Morre Luis Fernando Veríssimo, mestre do humor e da crônica brasileira, aos 88 anos
O Brasil perdeu, neste sábado (30), um de seus maiores escritores contemporâneos. Luis Fernando Veríssimo, cronista, romancista, tradutor e um dos mestres do humor nacional, morreu aos 88 anos em Porto Alegre (RS). Ele estava internado desde o dia 11 de agosto no Hospital Moinhos de Vento, em decorrência de complicações de uma pneumonia.
A notícia provocou forte comoção em todo o país. Diversos artistas, escritores e personalidades se manifestaram nas redes sociais. A atriz Fernanda Montenegro definiu Veríssimo como “um farol de lucidez e leveza na literatura brasileira”. Já o músico Chico Buarque lembrou que o escritor foi “um cronista da alma brasileira, que soube rir de nós mesmos sem nunca perder a ternura”. O também escritor Mario Prata destacou a generosidade do colega: “Ele nos ensinou que o humor é, acima de tudo, humanidade”.

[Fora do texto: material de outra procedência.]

primrec sat :: "('s, 'f, 'p, 'v, 'x) trace \<Rightarrow> ('x, 'f, 'p) ltl \<Rightarrow> nat \<Rightarrow> bool" where
  "sat \<tau> LTrue i = True"
| "sat \<tau> LFalse i = False"
| "sat \<tau> (LAtom a) i = atom_sat \<tau> i a"
| "sat \<tau> (LNeg a) i = (\<not> atom_sat \<tau> i a)"
| "sat \<tau> (LAnd \<psi>1 \<psi>2) i = (sat \<tau> \<psi>1 i \<and> sat \<tau> \<psi>2 i)"
| "sat \<tau> (LOr \<psi>1 \<psi>2) i = (sat \<tau> \<psi>1 i \<or> sat \<tau> \<psi>2 i)"
| "sat \<tau> (LX \<psi>) i = (i < length (snd \<tau>) - 1 \<and> sat \<tau> \<psi> (Suc i))"
| "sat \<tau> (LXw \<psi>) i = (i = length (snd \<tau>) - 1 \<or> sat \<tau> \<psi> (Suc i))"
| "sat \<tau> (LU \<psi>1 \<psi>2) i = (\<exists>j. i \<le> j \<and> j < length (snd \<tau>) \<and> sat \<tau> \<psi>2 j \<and>
                              (\<forall>k. i \<le> k \<and> k < j \<longrightarrow> sat \<tau> \<psi>1 k))"
| "sat \<tau> (LR \<psi>1 \<psi>2) i = ((\<forall>j. i \<le> j \<and> j < length (snd \<tau>) \<longrightarrow> sat \<tau> \<psi>2 j) \<or>
                            (\<exists>j. i \<le> j \<and> j < length (snd \<tau>) \<and> sat \<tau> \<psi>1 j \<and>
                              (\<forall>k. i \<le> k \<and> k \<le> j \<longrightarrow> sat \<tau> \<psi>2 k)))"
| "sat \<tau> LLast i = (i = length (snd \<tau>) - 1)"
| "sat \<tau> LNotLast i = (i \<noteq> length (snd \<tau>) - 1)"

definition models :: "('s, 'f, 'p, 'v, 'x) trace \<Rightarrow> ('x, 'f, 'p) ltl \<Rightarrow> bool" where
  "models \<tau> \<psi> \<longleftrightarrow> sat \<tau> \<psi> 0"

primrec xnf :: "('x, 'f, 'p) ltl \<Rightarrow> ('x, 'f, 'p) ltl" where
  "xnf LTrue = LTrue" | "xnf LFalse = LFalse"
| "xnf (LAtom a) = LAtom a" | "xnf (LNeg a) = LNeg a"
| "xnf (LAnd \<psi>1 \<psi>2) = LAnd (xnf \<psi>1) (xnf \<psi>2)"
| "xnf (LOr \<psi>1 \<psi>2) = LOr (xnf \<psi>1) (xnf \<psi>2)"
| "xnf (LX \<psi>) = LX \<psi>" | "xnf (LXw \<psi>) = LXw \<psi>"
| "xnf (LU \<psi>1 \<psi>2) = LOr (xnf \<psi>2) (LAnd (xnf \<psi>1) (LX (LU \<psi>1 \<psi>2)))"
| "xnf (LR \<psi>1 \<psi>2) = LAnd (LOr (xnf \<psi>2) LLast) (LOr (xnf \<psi>1) (LXw (LR \<psi>1 \<psi>2)))"
| "xnf LLast = LLast" | "xnf LNotLast = LNotLast"
text \<open>The union of a nonempty chain of proper quasi-star_f-ideals is again one:
  star_f is of finite type, so it commutes with directed unions.\<close>

lemma chain_union_quasi:
  assumes D: "subring D" and st: "semistar D st" and C: "C \<noteq> {}"
    and chain: "subset.chain {Q. quasi_star_ideal D (star_f D st) Q \<and> Q \<noteq> D} C"
  shows "quasi_star_ideal D (star_f D st) (\<Union>C) \<and> \<Union>C \<noteq> D"
proof -
  have mem: "Q \<subseteq> D" "is_module D Q" "Q \<noteq> {0}" "star_f D st Q \<inter> D = Q" "Q \<noteq> D" if "Q \<in> C" for Q
    using chain that unfolding subset_chain_def quasi_star_ideal_def ideal_of_def by auto
  have comp: "\<And>X Y. X \<in> C \<Longrightarrow> Y \<in> C \<Longrightarrow> X \<subseteq> Y \<or> Y \<subseteq> X"
    using chain unfolding subset_chain_def by blast
  obtain Q0 where Q0: "Q0 \<in> C" using C by blast
  let ?U = "\<Union>C"
  have UD: "?U \<subseteq> D" using mem(1) by blast
  have UM: "is_module D ?U" by (rule chain_union_module[OF C mem(2) comp])
  have U0: "?U \<noteq> {0}" using mem(3)[OF Q0] Q0 is_moduleD(1)[OF mem(2)[OF Q0]] by blast
  have U1: "?U \<noteq> D"
  proof
    assume "?U = D"
    then obtain X where "X \<in> C" "1 \<in> X" using subringD(2)[OF D] by blast
    then show False using ideal_one_notin[OF D mem(1,2,5)] by blast
  qed
  have "x \<in> ?U" if x: "x \<in> star_f D st ?U" "x \<in> D" for x
  proof -
    obtain S s where S: "finite S" "S \<subseteq> ?U" "s \<in> S" "s \<noteq> 0" "x \<in> st (genmod D S)"
      using star_fE[OF D x(1)] by blast
    obtain B where B: "B \<in> C" "S \<subseteq> B" using finite_subset_Union_chain[OF S(1,2) C chain] by blast
    have "x \<in> star_f D st B" by (rule star_fI[OF D mem(1,2)[OF B(1)], where st = st, OF S(1) B(2) S(3,4,5)])
    then show "x \<in> ?U" using mem(4)[OF B(1)] x(2) B(1) by blast
  qed
  then have "star_f D st ?U \<inter> D = ?U" using ideal_sub_star_f[OF D st UD UM U0] UD by blast
  then show ?thesis unfolding quasi_star_ideal_def ideal_of_def using UD UM U0 U1 by blast
qed
lemma prob_event_A_eq:
  assumes "\<And>k. p k n = t * pbar k n"
  shows "measure_pmf.prob (random_complex d p n) {G. event_A n d j J S G}
           = exp (log_ratio n d j t pbar J S) * qbar d j pbar n powr (t * card J)"
proof (rule prob_event_A_eq_exp[where p = p and pbar = pbar, OF assms t_nonneg])
  fix k assume k: "k \<in> {j+1..d}"
  have "pbar k n \<le> T * pbar k n"
    using pbar_bounds(1)[OF k] T_ge_1 mult_right_mono[of 1 T "pbar k n"] by simp
  moreover have "t * pbar k n \<le> T * pbar k n"
    using pbar_bounds(1)[OF k] t_le_T by (rule mult_right_mono[rotated])
  ultimately show "0 \<le> pbar k n \<and> pbar k n < 1 \<and> t * pbar k n < 1"
    using pbar_bounds[OF k] by auto
qed

lemma term_bounds:
  assumes "e \<in> cover I"
  shows "0 \<le> log_term e" "log_term e \<le> 2 * T * \<delta>"
    and "0 \<le> qbar_term e" "qbar_term e \<le> 2 * T * weight e"
    and "\<bar>log_term e - qbar_term e\<bar> \<le> 2 * (T\<^sup>2 + T) * \<delta> * weight e"
proof -
  note weight_bounds = pbar_bounds[OF supersets_card_index[OF assms]]
  note bounds = ln_one_minus_scaled_bounds[OF t_nonneg t_le_T T_ge_1 weight_bounds(1,3)]
  show "0 \<le> log_term e" "0 \<le> qbar_term e" "qbar_term e \<le> 2 * T * weight e"
    using bounds(1,3,4) by auto
  have "2 * T * weight e \<le> 2 * T * \<delta>"
    using weight_bounds(2) T_ge_1 by (intro mult_left_mono) auto
  with bounds(2) show "log_term e \<le> 2 * T * \<delta>" by linarith
  have "\<bar>log_term e - qbar_term e\<bar> \<le> 2 * (T\<^sup>2 + T) * (weight e)\<^sup>2"
    using bounds(5) by (simp add: abs_minus_commute)
  also have "\<dots> \<le> 2 * (T\<^sup>2 + T) * \<delta> * weight e"
  proof -
    have "weight e * weight e \<le> \<delta> * weight e"
      using weight_bounds(1,2) by (intro mult_right_mono)
    moreover have "0 \<le> 2 * (T\<^sup>2 + T)" using T_ge_1 by simp
    ultimately show ?thesis
      unfolding power2_eq_square mult.assoc[of "2 * (T * T + T)"] by (rule mult_left_mono)
  qed
  finally show "\<bar>log_term e - qbar_term e\<bar> \<le> 2 * (T\<^sup>2 + T) * \<delta> * weight e" .
qed

lemma sum_qbar_term_cover:
  assumes "I \<in> J"
  shows "sum qbar_term (cover I)
           = - (t * (\<Sum>k=j+1..d. real ((n - j - 1) choose (k - j)) * ln (1 - pbar k n)))"
  using sum_supersets_shift[of I n j "\<lambda>k. - (t * ln (1 - pbar k n))" d] J_sets[OF assms]
  by (simp add: sum_distrib_left sum_negf algebra_simps)

lemma sum_weight_cover_le:
  assumes "I \<in> J"
  shows "sum weight (cover I) \<le> real d * (C * ln (real n))"
proof -
  have "real n ^ (card I - Suc j) * sum weight (cover I) \<le> real (d - j) * (C * ln (real n))"
    using J_sets[OF assms] by (intro sum_supersets_weight_le bounded) auto
  also have "\<dots> \<le> real d * (C * ln (real n))"
    using C_nonneg ln_n by (intro mult_right_mono) auto
  finally show ?thesis using J_sets[OF assms] by simp
qed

Legado de um cronista popular
Filho do também escritor Erico Verissimo, Luis Fernando construiu uma obra marcada pela leveza e pelo olhar irônico sobre o cotidiano. Com estilo direto e acessível, foi capaz de transformar situações corriqueiras em literatura de alta qualidade, conquistando leitores de todas as idades.
Entre suas obras mais conhecidas estão “O Analista de Bagé”, clássico do humor brasileiro publicado em 1981; “As Mentiras que os Homens Contam” (2000), coletânea de crônicas; e a série “Comédias da Vida Privada”, que virou sucesso de televisão na década de 1990. Além dos livros, suas crônicas publicadas em jornais de circulação nacional marcaram gerações e ajudaram a consolidar seu nome como um dos mais queridos cronistas do país.
Veríssimo também foi músico e cartunista, ampliando sua contribuição cultural. Sua escrita, no entanto, é considerada o centro de sua herança, sempre pautada pela ironia fina, pelo humor inteligente e pela crítica social sem perder a leveza.
Repercussão nacional
A morte do escritor foi lamentada por instituições culturais, editoras e pelo meio acadêmico. A Academia Brasileira de Letras publicou nota de pesar, classificando-o como “um dos maiores cronistas da língua portuguesa”. Leitores também inundaram as redes com trechos de suas crônicas e lembranças pessoais ligadas às obras.
Luis Fernando Veríssimo deixa esposa, filhos, netos e uma obra vasta que permanece viva no imaginário brasileiro. Seu legado é o de um escritor que soube fazer rir, pensar e emocionar – transformando o simples cotidiano em literatura universal.